ACTIVITY:
Starting at the line that contains "almost_disjoint_family \<A> \<and>" and ending at the line that contains "decreasing sequence and", the lines below are to be given again exactly, with nothing added.

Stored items
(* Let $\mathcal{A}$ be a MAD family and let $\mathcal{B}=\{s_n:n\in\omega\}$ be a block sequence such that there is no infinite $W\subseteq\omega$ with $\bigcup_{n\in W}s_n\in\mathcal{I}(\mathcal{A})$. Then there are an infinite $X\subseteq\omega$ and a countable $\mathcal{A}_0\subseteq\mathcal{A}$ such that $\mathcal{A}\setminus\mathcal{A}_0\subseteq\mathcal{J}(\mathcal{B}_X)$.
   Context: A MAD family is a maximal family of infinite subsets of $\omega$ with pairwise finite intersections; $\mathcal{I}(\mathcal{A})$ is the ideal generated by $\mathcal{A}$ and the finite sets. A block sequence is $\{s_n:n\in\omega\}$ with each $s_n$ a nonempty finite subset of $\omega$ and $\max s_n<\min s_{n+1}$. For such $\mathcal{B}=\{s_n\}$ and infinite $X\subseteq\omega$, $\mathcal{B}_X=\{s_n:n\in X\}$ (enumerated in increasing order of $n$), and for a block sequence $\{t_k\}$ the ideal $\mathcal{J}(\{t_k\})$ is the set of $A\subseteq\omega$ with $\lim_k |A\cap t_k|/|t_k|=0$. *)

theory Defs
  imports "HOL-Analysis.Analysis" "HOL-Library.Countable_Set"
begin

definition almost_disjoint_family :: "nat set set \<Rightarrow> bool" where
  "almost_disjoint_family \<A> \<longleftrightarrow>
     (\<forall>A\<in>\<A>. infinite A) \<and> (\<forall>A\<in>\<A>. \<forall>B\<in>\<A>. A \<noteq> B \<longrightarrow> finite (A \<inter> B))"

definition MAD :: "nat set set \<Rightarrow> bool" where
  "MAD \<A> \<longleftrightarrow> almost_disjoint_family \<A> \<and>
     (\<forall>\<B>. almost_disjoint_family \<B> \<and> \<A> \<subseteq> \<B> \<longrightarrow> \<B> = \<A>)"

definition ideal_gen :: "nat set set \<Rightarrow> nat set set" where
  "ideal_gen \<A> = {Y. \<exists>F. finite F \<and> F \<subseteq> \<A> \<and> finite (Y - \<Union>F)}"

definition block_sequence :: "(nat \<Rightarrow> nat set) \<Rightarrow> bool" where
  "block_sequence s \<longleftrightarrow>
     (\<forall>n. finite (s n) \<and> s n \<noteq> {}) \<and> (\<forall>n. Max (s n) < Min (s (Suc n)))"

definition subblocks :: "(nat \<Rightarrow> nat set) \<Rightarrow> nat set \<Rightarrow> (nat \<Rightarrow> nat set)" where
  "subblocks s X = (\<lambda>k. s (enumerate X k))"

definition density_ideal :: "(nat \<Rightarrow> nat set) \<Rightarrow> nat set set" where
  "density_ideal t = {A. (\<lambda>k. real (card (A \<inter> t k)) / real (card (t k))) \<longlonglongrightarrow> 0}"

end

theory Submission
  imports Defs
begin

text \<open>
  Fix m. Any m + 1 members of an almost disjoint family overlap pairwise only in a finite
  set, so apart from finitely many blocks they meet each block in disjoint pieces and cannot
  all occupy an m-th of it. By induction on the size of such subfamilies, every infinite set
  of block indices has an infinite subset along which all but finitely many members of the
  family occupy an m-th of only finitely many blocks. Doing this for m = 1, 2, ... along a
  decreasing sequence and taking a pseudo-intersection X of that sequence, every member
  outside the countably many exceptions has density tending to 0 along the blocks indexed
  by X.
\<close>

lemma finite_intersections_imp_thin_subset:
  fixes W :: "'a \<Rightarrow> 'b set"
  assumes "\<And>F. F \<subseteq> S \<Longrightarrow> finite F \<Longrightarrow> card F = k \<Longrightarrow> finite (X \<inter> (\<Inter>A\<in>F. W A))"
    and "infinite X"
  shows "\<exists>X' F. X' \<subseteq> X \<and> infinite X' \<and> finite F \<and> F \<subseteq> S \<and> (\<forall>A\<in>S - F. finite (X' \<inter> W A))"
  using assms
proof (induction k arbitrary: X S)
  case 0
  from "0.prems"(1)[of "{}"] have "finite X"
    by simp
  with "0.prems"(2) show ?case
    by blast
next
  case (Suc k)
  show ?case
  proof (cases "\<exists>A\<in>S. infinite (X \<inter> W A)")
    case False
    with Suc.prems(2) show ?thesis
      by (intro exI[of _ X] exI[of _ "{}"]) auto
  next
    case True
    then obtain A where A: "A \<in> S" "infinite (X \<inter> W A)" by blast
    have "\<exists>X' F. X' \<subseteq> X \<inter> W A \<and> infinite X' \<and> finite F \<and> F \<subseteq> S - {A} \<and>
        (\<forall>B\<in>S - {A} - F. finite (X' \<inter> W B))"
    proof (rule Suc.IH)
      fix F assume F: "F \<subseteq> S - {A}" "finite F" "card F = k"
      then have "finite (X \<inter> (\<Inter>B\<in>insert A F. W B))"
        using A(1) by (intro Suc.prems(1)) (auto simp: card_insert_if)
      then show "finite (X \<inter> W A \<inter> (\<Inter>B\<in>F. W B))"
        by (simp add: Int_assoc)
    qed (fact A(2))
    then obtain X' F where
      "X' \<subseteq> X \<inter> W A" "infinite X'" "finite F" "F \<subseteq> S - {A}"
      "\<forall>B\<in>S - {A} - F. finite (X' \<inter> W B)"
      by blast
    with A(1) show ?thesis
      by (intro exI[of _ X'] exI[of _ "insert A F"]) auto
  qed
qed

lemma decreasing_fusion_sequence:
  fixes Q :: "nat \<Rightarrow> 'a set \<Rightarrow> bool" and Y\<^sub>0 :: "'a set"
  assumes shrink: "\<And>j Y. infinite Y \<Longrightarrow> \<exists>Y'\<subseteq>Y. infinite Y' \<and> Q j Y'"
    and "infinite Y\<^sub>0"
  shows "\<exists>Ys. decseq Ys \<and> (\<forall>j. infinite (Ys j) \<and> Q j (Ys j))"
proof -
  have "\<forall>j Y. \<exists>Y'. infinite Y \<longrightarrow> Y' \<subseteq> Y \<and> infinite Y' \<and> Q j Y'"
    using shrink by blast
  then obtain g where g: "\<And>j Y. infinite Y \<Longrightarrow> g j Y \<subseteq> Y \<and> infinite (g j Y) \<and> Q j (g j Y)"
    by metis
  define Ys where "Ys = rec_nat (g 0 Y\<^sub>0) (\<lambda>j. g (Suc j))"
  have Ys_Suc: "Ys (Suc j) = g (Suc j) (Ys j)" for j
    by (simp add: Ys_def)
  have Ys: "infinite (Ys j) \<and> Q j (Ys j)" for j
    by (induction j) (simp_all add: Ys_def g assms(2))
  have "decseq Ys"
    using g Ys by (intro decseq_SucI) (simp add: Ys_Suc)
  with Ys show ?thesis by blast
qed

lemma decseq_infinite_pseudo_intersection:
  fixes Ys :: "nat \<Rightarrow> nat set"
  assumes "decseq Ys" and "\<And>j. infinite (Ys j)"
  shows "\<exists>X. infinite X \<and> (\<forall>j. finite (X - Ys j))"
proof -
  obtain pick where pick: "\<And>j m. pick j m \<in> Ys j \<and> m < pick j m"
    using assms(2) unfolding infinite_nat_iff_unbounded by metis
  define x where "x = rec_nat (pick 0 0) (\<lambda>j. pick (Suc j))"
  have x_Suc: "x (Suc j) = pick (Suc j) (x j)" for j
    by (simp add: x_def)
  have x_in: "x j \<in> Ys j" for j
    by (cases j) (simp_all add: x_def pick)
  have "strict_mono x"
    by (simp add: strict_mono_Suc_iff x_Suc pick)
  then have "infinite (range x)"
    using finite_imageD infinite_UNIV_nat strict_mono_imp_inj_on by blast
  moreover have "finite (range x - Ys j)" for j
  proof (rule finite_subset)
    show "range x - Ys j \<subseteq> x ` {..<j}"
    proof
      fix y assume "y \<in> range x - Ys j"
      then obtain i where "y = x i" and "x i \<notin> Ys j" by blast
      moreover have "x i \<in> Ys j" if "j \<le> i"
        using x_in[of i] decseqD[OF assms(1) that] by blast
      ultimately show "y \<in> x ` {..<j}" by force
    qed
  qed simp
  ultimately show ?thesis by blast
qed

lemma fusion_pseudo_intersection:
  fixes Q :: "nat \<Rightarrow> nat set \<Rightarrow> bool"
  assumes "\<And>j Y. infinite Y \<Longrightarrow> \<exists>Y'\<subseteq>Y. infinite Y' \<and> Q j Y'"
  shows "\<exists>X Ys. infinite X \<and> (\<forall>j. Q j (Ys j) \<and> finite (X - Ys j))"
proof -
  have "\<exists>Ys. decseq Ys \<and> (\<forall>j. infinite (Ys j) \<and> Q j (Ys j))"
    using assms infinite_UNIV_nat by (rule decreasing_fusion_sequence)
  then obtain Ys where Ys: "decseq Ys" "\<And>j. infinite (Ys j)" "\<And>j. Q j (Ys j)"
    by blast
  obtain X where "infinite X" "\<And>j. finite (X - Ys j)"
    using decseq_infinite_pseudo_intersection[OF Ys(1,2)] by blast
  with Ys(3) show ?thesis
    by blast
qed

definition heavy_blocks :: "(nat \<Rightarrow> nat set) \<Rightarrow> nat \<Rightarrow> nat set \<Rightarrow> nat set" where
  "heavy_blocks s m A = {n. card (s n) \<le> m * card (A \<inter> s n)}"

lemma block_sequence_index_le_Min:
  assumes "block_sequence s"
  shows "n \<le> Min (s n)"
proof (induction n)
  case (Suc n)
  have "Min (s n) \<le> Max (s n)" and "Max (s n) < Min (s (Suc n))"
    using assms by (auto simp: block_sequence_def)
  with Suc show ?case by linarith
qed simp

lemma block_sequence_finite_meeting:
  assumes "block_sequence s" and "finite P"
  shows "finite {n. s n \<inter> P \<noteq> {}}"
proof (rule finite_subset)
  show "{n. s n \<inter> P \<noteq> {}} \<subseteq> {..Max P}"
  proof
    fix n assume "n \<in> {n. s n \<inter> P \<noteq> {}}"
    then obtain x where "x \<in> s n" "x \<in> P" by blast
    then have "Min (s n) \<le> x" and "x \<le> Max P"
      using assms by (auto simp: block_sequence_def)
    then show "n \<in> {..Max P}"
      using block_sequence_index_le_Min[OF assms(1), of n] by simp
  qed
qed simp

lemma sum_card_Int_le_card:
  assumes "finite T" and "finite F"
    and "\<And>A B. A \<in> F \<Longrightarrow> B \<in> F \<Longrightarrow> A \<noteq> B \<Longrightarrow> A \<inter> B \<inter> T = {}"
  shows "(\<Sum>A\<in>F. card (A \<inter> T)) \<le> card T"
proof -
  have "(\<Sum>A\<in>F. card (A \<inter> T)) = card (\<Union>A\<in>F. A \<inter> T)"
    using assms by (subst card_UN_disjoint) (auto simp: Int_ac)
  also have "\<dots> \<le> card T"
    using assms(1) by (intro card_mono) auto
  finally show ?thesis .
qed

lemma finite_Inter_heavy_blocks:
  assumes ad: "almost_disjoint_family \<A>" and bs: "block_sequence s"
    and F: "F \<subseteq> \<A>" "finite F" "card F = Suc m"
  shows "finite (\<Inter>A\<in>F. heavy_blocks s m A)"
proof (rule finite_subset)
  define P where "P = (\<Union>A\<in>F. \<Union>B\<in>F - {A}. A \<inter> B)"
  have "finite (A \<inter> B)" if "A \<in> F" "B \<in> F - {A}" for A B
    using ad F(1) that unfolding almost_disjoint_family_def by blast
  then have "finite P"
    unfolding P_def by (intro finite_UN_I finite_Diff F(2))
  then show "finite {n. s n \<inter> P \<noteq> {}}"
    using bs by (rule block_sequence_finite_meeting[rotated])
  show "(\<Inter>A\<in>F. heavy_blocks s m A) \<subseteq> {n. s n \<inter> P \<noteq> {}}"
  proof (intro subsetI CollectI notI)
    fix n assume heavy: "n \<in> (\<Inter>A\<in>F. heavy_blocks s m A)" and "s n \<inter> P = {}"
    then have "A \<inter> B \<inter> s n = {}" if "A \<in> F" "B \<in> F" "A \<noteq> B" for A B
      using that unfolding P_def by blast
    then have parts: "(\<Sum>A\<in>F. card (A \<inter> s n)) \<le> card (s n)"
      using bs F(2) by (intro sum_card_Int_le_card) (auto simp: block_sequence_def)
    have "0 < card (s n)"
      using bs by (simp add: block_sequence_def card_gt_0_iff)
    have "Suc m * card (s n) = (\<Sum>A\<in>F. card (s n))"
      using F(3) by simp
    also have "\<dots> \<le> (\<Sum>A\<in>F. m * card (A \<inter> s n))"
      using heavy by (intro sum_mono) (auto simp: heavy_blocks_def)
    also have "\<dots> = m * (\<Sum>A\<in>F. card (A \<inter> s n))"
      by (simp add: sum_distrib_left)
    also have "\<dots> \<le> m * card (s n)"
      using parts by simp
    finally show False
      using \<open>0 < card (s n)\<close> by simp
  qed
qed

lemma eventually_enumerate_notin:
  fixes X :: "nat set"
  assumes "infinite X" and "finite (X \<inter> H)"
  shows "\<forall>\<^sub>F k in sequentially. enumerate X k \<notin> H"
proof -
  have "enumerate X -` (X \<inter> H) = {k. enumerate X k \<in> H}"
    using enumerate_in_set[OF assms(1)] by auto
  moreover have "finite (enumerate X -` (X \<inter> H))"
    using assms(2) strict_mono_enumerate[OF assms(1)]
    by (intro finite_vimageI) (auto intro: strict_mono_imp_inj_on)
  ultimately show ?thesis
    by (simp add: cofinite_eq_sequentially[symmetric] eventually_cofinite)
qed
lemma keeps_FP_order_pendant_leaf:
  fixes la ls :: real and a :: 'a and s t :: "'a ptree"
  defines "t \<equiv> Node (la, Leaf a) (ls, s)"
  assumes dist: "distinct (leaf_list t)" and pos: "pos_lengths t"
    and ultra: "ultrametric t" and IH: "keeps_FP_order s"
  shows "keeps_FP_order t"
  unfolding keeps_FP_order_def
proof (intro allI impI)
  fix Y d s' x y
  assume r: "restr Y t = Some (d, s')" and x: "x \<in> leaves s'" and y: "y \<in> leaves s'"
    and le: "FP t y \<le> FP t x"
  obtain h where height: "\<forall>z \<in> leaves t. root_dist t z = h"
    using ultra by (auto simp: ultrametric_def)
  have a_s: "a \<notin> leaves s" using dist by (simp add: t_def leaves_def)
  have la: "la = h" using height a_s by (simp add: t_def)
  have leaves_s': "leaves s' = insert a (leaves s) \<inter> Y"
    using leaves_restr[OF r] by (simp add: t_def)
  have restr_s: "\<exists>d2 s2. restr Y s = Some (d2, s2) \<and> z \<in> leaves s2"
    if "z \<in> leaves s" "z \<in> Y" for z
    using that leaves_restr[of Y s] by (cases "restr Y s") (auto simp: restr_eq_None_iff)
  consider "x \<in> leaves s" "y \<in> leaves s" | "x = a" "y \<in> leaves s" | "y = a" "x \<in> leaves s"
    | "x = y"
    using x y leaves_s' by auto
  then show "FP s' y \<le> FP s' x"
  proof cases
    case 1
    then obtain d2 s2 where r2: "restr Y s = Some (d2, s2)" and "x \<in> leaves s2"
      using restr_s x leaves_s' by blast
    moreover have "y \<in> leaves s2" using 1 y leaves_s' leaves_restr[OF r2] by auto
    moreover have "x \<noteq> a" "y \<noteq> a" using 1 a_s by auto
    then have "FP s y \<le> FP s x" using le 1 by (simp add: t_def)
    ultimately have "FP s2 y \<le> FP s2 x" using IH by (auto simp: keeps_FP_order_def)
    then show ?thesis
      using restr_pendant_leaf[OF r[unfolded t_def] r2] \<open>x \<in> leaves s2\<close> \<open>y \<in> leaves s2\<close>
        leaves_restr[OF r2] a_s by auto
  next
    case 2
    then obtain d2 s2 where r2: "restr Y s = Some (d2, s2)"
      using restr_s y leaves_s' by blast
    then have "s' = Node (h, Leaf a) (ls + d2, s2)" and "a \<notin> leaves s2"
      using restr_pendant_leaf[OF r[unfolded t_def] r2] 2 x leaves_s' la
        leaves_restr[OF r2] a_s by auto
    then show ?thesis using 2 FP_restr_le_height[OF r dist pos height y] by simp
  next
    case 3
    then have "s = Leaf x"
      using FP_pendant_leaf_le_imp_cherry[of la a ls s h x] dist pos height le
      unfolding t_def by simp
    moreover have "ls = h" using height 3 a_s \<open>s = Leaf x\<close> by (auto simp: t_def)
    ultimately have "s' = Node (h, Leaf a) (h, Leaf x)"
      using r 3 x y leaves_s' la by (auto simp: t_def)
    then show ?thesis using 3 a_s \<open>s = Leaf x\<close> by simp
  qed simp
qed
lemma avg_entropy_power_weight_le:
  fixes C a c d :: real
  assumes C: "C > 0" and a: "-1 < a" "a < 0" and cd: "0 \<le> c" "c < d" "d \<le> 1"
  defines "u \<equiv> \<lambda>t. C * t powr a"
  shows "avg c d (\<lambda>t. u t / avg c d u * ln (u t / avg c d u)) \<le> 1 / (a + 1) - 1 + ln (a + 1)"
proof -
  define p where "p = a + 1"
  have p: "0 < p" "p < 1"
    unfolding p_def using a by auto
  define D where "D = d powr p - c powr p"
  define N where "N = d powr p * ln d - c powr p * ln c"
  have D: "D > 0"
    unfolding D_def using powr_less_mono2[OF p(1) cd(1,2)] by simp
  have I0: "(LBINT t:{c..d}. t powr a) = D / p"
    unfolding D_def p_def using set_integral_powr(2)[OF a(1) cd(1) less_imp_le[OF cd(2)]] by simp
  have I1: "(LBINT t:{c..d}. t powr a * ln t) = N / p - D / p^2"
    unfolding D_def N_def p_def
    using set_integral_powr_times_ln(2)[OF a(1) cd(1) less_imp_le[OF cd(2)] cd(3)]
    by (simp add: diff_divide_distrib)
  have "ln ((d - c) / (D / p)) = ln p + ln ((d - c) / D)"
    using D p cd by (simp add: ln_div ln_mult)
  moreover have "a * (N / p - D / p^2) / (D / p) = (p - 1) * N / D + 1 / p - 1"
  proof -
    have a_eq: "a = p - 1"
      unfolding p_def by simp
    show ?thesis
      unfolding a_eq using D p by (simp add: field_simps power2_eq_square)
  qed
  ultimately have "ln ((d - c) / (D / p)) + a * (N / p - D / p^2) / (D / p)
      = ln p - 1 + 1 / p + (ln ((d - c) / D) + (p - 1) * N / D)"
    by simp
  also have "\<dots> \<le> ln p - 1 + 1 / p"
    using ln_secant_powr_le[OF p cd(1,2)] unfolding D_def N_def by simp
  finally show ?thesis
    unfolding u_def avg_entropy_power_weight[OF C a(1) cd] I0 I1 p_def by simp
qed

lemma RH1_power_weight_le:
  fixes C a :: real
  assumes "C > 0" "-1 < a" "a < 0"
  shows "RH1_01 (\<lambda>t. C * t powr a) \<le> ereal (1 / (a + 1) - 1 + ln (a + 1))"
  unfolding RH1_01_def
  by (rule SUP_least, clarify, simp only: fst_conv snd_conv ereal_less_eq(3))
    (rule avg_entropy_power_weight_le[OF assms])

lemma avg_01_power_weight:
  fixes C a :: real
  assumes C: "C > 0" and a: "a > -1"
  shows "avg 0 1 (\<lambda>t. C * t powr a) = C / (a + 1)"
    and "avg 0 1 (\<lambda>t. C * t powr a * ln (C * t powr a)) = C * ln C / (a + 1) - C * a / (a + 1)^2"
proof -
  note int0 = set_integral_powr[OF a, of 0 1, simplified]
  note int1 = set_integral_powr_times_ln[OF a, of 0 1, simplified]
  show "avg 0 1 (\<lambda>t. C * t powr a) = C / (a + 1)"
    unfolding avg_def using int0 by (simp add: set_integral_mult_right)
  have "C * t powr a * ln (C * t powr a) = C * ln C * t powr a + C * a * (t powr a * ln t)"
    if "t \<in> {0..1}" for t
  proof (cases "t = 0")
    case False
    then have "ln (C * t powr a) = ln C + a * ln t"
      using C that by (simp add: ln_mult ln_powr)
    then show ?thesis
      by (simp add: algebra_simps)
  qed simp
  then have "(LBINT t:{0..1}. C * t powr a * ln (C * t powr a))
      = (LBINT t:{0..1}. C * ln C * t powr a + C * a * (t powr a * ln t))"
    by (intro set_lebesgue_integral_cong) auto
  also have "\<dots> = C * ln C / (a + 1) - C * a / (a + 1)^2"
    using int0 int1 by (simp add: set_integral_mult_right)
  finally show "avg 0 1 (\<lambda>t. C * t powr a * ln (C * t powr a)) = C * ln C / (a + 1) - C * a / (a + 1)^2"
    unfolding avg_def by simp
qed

THE ANSWER:
  "MAD \<A> \<longleftrightarrow> almost_disjoint_family \<A> \<and>
     (\<forall>\<B>. almost_disjoint_family \<B> \<and> \<A> \<subseteq> \<B> \<longrightarrow> \<B> = \<A>)"

definition ideal_gen :: "nat set set \<Rightarrow> nat set set" where
  "ideal_gen \<A> = {Y. \<exists>F. finite F \<and> F \<subseteq> \<A> \<and> finite (Y - \<Union>F)}"

definition block_sequence :: "(nat \<Rightarrow> nat set) \<Rightarrow> bool" where
  "block_sequence s \<longleftrightarrow>
     (\<forall>n. finite (s n) \<and> s n \<noteq> {}) \<and> (\<forall>n. Max (s n) < Min (s (Suc n)))"

definition subblocks :: "(nat \<Rightarrow> nat set) \<Rightarrow> nat set \<Rightarrow> (nat \<Rightarrow> nat set)" where
  "subblocks s X = (\<lambda>k. s (enumerate X k))"

definition density_ideal :: "(nat \<Rightarrow> nat set) \<Rightarrow> nat set set" where
  "density_ideal t = {A. (\<lambda>k. real (card (A \<inter> t k)) / real (card (t k))) \<longlonglongrightarrow> 0}"

end

theory Submission
  imports Defs
begin

text \<open>
  Fix m. Any m + 1 members of an almost disjoint family overlap pairwise only in a finite
  set, so apart from finitely many blocks they meet each block in disjoint pieces and cannot
  all occupy an m-th of it. By induction on the size of such subfamilies, every infinite set
  of block indices has an infinite subset along which all but finitely many members of the
  family occupy an m-th of only finitely many blocks. Doing this for m = 1, 2, ... along a
  decreasing sequence and taking a pseudo-intersection X of that sequence, every member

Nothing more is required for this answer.